• Directions for this task: In the listing that follows, the range to quote begins at the line that has "m p \<longleftrightarrow>" and ends after the line that has "hide_const (open) UnivPoly.coeff"; quote it verbatim and add nothing.

────────────────

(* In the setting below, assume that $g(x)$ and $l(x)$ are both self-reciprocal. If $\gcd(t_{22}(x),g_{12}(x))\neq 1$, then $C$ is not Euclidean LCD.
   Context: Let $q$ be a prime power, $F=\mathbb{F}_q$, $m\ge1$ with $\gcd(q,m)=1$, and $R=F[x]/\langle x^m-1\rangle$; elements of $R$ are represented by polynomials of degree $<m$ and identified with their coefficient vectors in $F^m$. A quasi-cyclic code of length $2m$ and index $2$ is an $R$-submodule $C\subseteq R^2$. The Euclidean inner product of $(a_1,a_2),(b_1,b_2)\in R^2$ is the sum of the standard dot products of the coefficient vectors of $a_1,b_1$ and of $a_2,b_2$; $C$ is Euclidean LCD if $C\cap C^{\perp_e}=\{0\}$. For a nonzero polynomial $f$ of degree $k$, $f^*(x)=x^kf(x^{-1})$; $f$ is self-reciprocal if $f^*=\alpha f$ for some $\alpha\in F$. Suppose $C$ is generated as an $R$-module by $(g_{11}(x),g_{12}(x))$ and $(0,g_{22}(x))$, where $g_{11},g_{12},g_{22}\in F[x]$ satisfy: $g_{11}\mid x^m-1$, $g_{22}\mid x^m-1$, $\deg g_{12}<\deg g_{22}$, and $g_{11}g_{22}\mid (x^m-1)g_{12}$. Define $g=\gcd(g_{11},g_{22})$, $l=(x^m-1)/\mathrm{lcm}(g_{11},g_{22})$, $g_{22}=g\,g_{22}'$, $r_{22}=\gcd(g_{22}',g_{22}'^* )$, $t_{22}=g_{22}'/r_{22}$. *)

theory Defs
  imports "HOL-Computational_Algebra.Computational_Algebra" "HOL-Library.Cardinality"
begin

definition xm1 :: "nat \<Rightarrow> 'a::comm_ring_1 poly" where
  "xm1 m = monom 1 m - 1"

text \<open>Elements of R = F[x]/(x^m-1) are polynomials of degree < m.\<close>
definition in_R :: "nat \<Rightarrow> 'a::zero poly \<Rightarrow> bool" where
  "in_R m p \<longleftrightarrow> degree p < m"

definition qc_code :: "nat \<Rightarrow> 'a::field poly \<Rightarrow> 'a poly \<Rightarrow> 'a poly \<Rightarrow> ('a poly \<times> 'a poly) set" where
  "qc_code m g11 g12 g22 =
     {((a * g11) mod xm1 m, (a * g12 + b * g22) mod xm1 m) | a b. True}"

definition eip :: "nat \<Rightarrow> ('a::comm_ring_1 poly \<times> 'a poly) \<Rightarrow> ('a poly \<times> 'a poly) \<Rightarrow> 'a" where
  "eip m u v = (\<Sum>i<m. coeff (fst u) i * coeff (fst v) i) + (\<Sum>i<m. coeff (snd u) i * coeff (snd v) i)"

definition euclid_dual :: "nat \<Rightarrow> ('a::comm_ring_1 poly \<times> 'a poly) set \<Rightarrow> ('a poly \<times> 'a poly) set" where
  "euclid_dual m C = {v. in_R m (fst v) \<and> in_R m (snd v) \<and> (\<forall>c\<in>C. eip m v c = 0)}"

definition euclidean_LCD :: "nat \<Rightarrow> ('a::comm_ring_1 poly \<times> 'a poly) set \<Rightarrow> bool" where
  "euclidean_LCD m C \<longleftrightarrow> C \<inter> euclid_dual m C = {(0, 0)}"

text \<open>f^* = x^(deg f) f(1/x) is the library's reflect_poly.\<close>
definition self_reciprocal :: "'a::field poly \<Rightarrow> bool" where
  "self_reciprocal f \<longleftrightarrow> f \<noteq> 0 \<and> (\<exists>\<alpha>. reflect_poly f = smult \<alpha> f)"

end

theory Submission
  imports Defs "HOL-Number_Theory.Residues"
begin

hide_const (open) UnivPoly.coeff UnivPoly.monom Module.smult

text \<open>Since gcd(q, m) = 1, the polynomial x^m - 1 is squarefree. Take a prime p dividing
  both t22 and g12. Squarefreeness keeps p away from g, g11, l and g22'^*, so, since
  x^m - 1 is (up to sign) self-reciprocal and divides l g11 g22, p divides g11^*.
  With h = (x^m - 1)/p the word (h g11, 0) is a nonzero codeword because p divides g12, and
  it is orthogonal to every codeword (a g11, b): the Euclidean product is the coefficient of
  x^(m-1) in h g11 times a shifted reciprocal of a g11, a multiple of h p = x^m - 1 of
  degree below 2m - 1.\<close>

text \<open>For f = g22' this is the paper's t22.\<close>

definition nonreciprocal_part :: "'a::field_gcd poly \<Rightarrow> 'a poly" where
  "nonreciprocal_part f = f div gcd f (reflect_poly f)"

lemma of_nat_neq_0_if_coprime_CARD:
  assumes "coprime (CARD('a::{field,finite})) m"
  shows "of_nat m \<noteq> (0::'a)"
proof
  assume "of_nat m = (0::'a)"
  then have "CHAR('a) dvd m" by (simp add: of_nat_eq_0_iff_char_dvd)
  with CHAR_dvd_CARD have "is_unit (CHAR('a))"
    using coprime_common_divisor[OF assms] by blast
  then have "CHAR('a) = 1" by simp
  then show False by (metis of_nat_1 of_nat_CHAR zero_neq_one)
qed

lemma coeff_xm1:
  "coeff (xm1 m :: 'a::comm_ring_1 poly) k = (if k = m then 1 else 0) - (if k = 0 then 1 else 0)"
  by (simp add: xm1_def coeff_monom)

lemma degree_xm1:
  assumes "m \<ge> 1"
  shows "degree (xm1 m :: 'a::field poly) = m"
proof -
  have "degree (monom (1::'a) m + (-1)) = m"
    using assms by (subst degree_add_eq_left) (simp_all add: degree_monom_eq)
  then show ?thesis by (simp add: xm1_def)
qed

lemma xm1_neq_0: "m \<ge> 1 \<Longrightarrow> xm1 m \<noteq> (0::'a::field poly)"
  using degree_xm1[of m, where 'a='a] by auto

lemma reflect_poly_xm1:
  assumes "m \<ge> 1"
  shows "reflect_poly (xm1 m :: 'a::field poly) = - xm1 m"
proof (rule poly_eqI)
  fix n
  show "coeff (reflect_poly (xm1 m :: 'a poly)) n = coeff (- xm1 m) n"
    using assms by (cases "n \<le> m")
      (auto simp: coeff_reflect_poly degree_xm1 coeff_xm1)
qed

────────────────

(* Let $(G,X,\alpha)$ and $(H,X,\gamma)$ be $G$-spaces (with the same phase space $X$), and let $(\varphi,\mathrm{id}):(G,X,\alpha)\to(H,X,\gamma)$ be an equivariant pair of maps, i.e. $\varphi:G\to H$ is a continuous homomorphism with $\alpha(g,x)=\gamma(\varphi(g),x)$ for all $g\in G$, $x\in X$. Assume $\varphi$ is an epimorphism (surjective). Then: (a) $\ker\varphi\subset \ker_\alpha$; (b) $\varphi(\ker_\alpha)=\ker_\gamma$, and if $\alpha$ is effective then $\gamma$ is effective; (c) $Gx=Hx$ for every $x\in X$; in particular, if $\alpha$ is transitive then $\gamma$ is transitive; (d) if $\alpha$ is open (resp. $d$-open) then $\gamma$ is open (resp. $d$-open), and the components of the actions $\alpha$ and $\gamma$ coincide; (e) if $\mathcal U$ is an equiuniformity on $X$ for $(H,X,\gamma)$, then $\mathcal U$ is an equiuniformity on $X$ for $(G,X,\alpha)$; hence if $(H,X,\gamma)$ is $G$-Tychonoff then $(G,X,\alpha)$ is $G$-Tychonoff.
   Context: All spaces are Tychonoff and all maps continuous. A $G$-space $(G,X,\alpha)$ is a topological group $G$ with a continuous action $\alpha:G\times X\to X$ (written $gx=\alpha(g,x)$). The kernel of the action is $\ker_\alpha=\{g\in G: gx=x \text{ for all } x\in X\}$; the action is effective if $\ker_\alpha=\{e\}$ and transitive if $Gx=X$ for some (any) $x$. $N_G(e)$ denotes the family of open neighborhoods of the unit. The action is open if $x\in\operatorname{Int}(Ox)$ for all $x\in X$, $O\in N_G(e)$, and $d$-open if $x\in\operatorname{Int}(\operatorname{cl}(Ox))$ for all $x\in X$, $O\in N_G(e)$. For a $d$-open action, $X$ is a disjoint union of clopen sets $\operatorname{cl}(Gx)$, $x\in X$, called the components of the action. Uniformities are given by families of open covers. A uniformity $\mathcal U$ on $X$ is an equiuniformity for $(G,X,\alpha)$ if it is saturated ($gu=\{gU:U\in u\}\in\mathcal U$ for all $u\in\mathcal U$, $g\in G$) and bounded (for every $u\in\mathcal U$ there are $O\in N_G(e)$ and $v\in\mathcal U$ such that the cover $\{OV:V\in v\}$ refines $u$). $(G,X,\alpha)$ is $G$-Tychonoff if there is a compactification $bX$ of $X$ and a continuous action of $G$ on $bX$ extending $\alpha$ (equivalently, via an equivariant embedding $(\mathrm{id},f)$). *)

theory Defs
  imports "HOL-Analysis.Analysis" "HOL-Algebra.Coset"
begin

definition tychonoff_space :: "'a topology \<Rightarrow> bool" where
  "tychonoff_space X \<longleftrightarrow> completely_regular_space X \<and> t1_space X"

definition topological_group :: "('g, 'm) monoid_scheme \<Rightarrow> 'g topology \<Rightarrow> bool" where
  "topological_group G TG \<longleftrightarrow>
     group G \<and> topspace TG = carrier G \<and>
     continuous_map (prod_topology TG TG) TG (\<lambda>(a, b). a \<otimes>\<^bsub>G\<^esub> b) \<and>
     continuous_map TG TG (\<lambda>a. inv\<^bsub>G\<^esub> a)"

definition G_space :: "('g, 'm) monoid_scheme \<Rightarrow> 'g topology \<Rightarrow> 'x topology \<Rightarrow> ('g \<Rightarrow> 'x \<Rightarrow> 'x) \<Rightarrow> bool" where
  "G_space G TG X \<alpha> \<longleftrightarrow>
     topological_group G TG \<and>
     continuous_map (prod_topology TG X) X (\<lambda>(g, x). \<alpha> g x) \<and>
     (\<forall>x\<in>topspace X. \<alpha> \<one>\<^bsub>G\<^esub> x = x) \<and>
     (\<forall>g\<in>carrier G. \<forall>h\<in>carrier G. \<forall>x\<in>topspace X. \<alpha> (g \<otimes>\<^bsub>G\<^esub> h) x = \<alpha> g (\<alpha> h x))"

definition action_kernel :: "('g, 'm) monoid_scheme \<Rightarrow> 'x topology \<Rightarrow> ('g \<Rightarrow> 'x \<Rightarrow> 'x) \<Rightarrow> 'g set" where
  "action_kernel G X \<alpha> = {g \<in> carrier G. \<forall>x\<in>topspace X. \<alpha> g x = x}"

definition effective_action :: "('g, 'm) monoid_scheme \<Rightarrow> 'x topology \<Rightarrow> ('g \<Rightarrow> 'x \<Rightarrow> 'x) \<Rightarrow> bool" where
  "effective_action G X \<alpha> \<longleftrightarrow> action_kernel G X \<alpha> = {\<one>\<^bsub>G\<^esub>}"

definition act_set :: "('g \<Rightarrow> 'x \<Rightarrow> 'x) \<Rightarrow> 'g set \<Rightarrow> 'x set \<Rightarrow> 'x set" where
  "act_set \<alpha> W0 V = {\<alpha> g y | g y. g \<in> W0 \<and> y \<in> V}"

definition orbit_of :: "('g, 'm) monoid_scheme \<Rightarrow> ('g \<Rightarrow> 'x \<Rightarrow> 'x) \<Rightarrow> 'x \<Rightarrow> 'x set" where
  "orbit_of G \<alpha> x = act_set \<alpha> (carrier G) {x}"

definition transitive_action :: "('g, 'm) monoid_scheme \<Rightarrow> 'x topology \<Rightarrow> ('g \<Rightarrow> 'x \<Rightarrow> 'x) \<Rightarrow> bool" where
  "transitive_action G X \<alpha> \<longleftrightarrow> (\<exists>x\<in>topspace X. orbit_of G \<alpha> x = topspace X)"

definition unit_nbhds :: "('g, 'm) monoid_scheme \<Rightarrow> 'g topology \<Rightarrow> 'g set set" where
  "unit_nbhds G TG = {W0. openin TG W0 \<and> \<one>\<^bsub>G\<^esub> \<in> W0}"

────────────────

• The answer:
  "in_R m p \<longleftrightarrow> degree p < m"

definition qc_code :: "nat \<Rightarrow> 'a::field poly \<Rightarrow> 'a poly \<Rightarrow> 'a poly \<Rightarrow> ('a poly \<times> 'a poly) set" where
  "qc_code m g11 g12 g22 =
     {((a * g11) mod xm1 m, (a * g12 + b * g22) mod xm1 m) | a b. True}"

definition eip :: "nat \<Rightarrow> ('a::comm_ring_1 poly \<times> 'a poly) \<Rightarrow> ('a poly \<times> 'a poly) \<Rightarrow> 'a" where
  "eip m u v = (\<Sum>i<m. coeff (fst u) i * coeff (fst v) i) + (\<Sum>i<m. coeff (snd u) i * coeff (snd v) i)"

definition euclid_dual :: "nat \<Rightarrow> ('a::comm_ring_1 poly \<times> 'a poly) set \<Rightarrow> ('a poly \<times> 'a poly) set" where
  "euclid_dual m C = {v. in_R m (fst v) \<and> in_R m (snd v) \<and> (\<forall>c\<in>C. eip m v c = 0)}"

definition euclidean_LCD :: "nat \<Rightarrow> ('a::comm_ring_1 poly \<times> 'a poly) set \<Rightarrow> bool" where
  "euclidean_LCD m C \<longleftrightarrow> C \<inter> euclid_dual m C = {(0, 0)}"

text \<open>f^* = x^(deg f) f(1/x) is the library's reflect_poly.\<close>
definition self_reciprocal :: "'a::field poly \<Rightarrow> bool" where
  "self_reciprocal f \<longleftrightarrow> f \<noteq> 0 \<and> (\<exists>\<alpha>. reflect_poly f = smult \<alpha> f)"

end

theory Submission
  imports Defs "HOL-Number_Theory.Residues"
begin

hide_const (open) UnivPoly.coeff UnivPoly.monom Module.smult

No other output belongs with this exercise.